This was pretty good. Although I didn't think you could taste much of the bourbon - perhaps a touch more would be appropriate here.

My next find comes from the series Mad Men. They did a link on Twitter for their favorite cocktails from the 1960's. I chose their Tom Collins.

Tom Collins 

1 oz fresh lemon juice
1 tsp sugar
1½ oz of gin
Lemon slices

Mix sugar, gin, and juice over ice in mixing glass. Stir, strain in cocktail glass with ice, and top off with soda water. Garnish with lemon slices.
This is basically a lemonade with gin. So light and refreshing. This is the kind of drink that can  sneak up on you so take your time and enjoy.

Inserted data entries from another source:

lemma lin_on_V_inj_imp_surj:
  assumes F: "lin_on_V F" and inj: "\<And>\<phi>. \<forall>i\<in>V. F \<phi> i = 0 \<Longrightarrow> \<forall>i\<in>V. \<phi> i = 0"
  obtains \<phi> where "\<forall>i\<in>V. F \<phi> i = f i" "\<forall>i. i \<notin> V \<longrightarrow> \<phi> i = 0"
proof -
  let ?A = "matrix_of F"
  have "?A \<in> Units (ring_mat TYPE(real) n ())"
    by (rule det_non_zero_imp_unit[OF matrix_of_carrier lin_on_V_inj_imp_det_nonzero[OF F inj]])
  then obtain B where B: "B \<in> carrier_mat n n" "?A * B = 1\<^sub>m n"
    by (auto simp: Units_def ring_mat_def)
  define b where "b = vec n (\<lambda>i. f (Suc i))"
  define x where "x = B *\<^sub>v b"
  have x: "x \<in> carrier_vec n"
    using B by (simp add: x_def b_def)
  have "?A *\<^sub>v x = (?A * B) *\<^sub>v b"
    by (subst assoc_mult_mat_vec[OF matrix_of_carrier B(1)]) (auto simp: x_def b_def)
  then have Ax: "?A *\<^sub>v x = b"
    using B by (simp add: b_def)
  show ?thesis
  proof
    show "\<forall>k\<in>V. F (fun_of_vec x) k = f k"
    proof
      fix k assume k: "k \<in> V"
      then have "k - 1 < n" "Suc (k - 1) = k" by auto
      then show "F (fun_of_vec x) k = f k"
        using matrix_of_mult_vec[OF F x, of "k - 1"] by (simp add: Ax b_def)
    qed
  qed (simp add: fun_of_vec_def)
qed

end

section \<open>The graph Laplacian\<close>

locale weighted_graph = vertex_functions n for n +
  fixes w :: "nat \<Rightarrow> nat \<Rightarrow> real"
  assumes wgraph: "wgraph n w"
begin

lemma two_le_n: "2 \<le> n"
  and weight_sym: "i \<in> V \<Longrightarrow> j \<in> V \<Longrightarrow> w i j = w j i"
  and weight_nonneg: "i \<in> V \<Longrightarrow> j \<in> V \<Longrightarrow> w i j \<ge> 0"
  and vertices_connected: "i \<in> V \<Longrightarrow> j \<in> V \<Longrightarrow> (i, j) \<in> (edge_rel n w)\<^sup>*"
  using wgraph unfolding wgraph_def by auto

lemma one_in_V: "1 \<in> V"
  using two_le_n by simp

text \<open>Connectedness and \<open>n \<ge> 2\<close> give every vertex a neighbour, hence positive degree.\<close>
lemma deg_pos:
  assumes i: "i \<in> V"
  shows "deg n w i > 0"
proof -
  define j where "j = (if i = 1 then 2 else (1::nat))"
  have j: "j \<in> V" "j \<noteq> i"
    using two_le_n i by (auto simp: j_def)
  from vertices_connected[OF i j(1)] j(2) obtain k where "(i, k) \<in> edge_rel n w"
    by (metis converse_rtranclE)
  then have k: "k \<in> V" "w i k > 0"
    by (auto simp: edge_rel_def)
  have "w i k \<le> deg n w i"
    unfolding deg_def using k i weight_nonneg by (intro member_le_sum) auto
  then show ?thesis using k by linarith
qed

definition dirichlet :: "(nat \<Rightarrow> real) \<Rightarrow> (nat \<Rightarrow> real) \<Rightarrow> real" where
  "dirichlet u v = (\<Sum>i\<in>V. \<Sum>j\<in>V. w i j * (u i - u j) * v i)"

lemma dirichlet_eq_half_sum:
  "dirichlet u v = (\<Sum>i\<in>V. \<Sum>j\<in>V. w i j * (u i - u j) * (v i - v j)) / 2"
proof -
  have "dirichlet u v = (\<Sum>i\<in>V. \<Sum>j\<in>V. w j i * (u j - u i) * v j)"
    unfolding dirichlet_def by (rule sum.swap)
  also have "\<dots> = (\<Sum>i\<in>V. \<Sum>j\<in>V. - (w i j * (u i - u j) * v j))"
    by (intro sum.cong refl) (simp add: weight_sym algebra_simps)
  finally have "dirichlet u v = - (\<Sum>i\<in>V. \<Sum>j\<in>V. w i j * (u i - u j) * v j)"
    by (simp add: sum_negf)
  then have "2 * dirichlet u v = dirichlet u v - (\<Sum>i\<in>V. \<Sum>j\<in>V. w i j * (u i - u j) * v j)"
    by simp
  also have "\<dots> = (\<Sum>i\<in>V. \<Sum>j\<in>V. w i j * (u i - u j) * (v i - v j))"
    unfolding dirichlet_def by (simp add: sum_subtractf[symmetric] algebra_simps)
  finally show ?thesis by simp
qed

lemma dirichlet_sym: "dirichlet u v = dirichlet v u"
  unfolding dirichlet_eq_half_sum by (simp add: algebra_simps)

lemma dirichlet_const: "dirichlet (\<lambda>_. c) v = 0"
  unfolding dirichlet_def by simp

lemma dirichlet_self_eq_0_imp_edge_eq:
  assumes "dirichlet u u = 0" "i \<in> V" "j \<in> V" "w i j > 0"
  shows "u i = u j"
proof -
  have nonneg: "0 \<le> w i j * (u i - u j) * (u i - u j)" if "i \<in> V" "j \<in> V" for i j
    using mult_nonneg_nonneg[OF weight_nonneg[OF that] zero_le_square[of "u i - u j"]]
    by (simp add: mult.assoc)
  have "(\<Sum>i\<in>V. \<Sum>j\<in>V. w i j * (u i - u j) * (u i - u j)) = 0"
    using assms(1) dirichlet_eq_half_sum by simp
  then have "(\<Sum>j\<in>V. w i j * (u i - u j) * (u i - u j)) = 0"
    using nonneg assms(2) by (subst (asm) sum_nonneg_eq_0_iff) (auto intro!: sum_nonneg)
  then have "w i j * (u i - u j) * (u i - u j) = 0"
    using nonneg assms(2,3) by (subst (asm) sum_nonneg_eq_0_iff) auto
  then show ?thesis using assms(4) by simp
qed

lemma dirichlet_self_eq_0_imp_const:
  assumes "dirichlet u u = 0" "i \<in> V" "j \<in> V"
  shows "u i = u j"
  using vertices_connected[OF assms(2,3)]
proof (induction rule: rtrancl_induct)
  case (step y z)
  then show ?case
    using dirichlet_self_eq_0_imp_edge_eq[OF assms(1)] by (auto simp: edge_rel_def)
qed simp

end

locale graph_operator = weighted_graph n w for n w +
  fixes r \<gamma> :: real
begin

definition mu :: "nat \<Rightarrow> real" where
  "mu i = deg n w i powr r"

definition mu_total :: real where
  "mu_total = (\<Sum>j\<in>V. mu j)"

lemma mu_pos: "i \<in> V \<Longrightarrow> mu i > 0"
  using deg_pos[of i] by (simp add: mu_def)

lemma mu_mult_deg_powr: "i \<in> V \<Longrightarrow> mu i * deg n w i powr (-r) = 1"
  using deg_pos[of i] by (simp add: mu_def powr_minus field_simps)

lemma mu_total_pos: "mu_total > 0"
  unfolding mu_total_def using mu_pos two_le_n by (intro sum_pos) auto

lemma gmass_eq: "gmass n w r u = (\<Sum>i\<in>V. mu i * u i)"
  by (simp add: gmass_def mu_def)

lemma gavg_eq: "i \<in> V \<Longrightarrow> gavg n w r u i = gmass n w r u / mu_total"
  by (simp add: gavg_def mu_total_def mu_def)

lemma sum_mu_const: "\<forall>i\<in>V. u i = c \<Longrightarrow> (\<Sum>i\<in>V. mu i * u i) = mu_total * c"
  by (simp add: mu_total_def sum_distrib_right)

definition inner_mu :: "(nat \<Rightarrow> real) \<Rightarrow> (nat \<Rightarrow> real) \<Rightarrow> real" where
  "inner_mu u v = (\<Sum>i\<in>V. mu i * u i * v i)"

lemma inner_mu_commute: "inner_mu u v = inner_mu v u"
  unfolding inner_mu_def by (simp add: algebra_simps)

lemma inner_mu_glap: "inner_mu (glap n w r u) v = dirichlet u v"
  unfolding inner_mu_def dirichlet_def
proof (intro sum.cong refl)
  fix i assume i: "i \<in> V"
  have "mu i * glap n w r u i * v i
      = (mu i * deg n w i powr (-r)) * (\<Sum>j\<in>V. w i j * (u i - u j)) * v i"
    unfolding glap_def by (simp add: algebra_simps)
  also have "\<dots> = (\<Sum>j\<in>V. w i j * (u i - u j) * v i)"
    using mu_mult_deg_powr[OF i] by (simp add: sum_distrib_right)
  finally show "mu i * glap n w r u i * v i = (\<Sum>j\<in>V. w i j * (u i - u j) * v i)" .
qed

lemma glap_eq_0_imp_const:
  assumes "\<forall>i\<in>V. glap n w r u i = 0" "i \<in> V"
  shows "u i = u 1"
proof (rule dirichlet_self_eq_0_imp_const[OF _ assms(2) one_in_V])
  show "dirichlet u u = 0"
    unfolding inner_mu_glap[symmetric] inner_mu_def using assms(1) by simp
qed

lemma glap_lincomb:
  assumes "\<forall>i\<in>V. u' i = a * u i + b * v i" "i \<in> V"
  shows "glap n w r u' i = a * glap n w r u i + b * glap n w r v i"
proof -
  have "(\<Sum>j\<in>V. w i j * (u' i - u' j))
      = (\<Sum>j\<in>V. a * (w i j * (u i - u j)) + b * (w i j * (v i - v j)))"
    using assms by (intro sum.cong) (auto simp: algebra_simps)
  also have "\<dots> = a * (\<Sum>j\<in>V. w i j * (u i - u j)) + b * (\<Sum>j\<in>V. w i j * (v i - v j))"
    by (simp add: sum.distrib sum_distrib_left)
  finally show ?thesis
    unfolding glap_def by (simp only: distrib_left mult.left_commute)
qed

My last selection. a watermelon vodka slush came from that was submitted by Michael Allbright.

Watermelon Vodka Slush
Prep Time: 10 minutes     Ready IN: 4 hours & 20 minutes     Servings: 4

4 cups watermelon flesh, seeds removed
2 fluid ounces simple syrup
2 tablespoons lemon juice
1 cup vodka
2 fluid ounces melon liqueur
4 twists lemon zest, garnish

In a food processor, puree the watermelon flesh. Pour the pureed watermelon into empty ice cube trays and freeze for at least 4 hours. Also, freeze martini glasses.
In a blender combine the frozen watermelon cubes, simple syrup, lemon juice, vodka and melon liqueur; blend until smooth. Pour into 4 frozen martini glasses and garnish each with a lemon twist.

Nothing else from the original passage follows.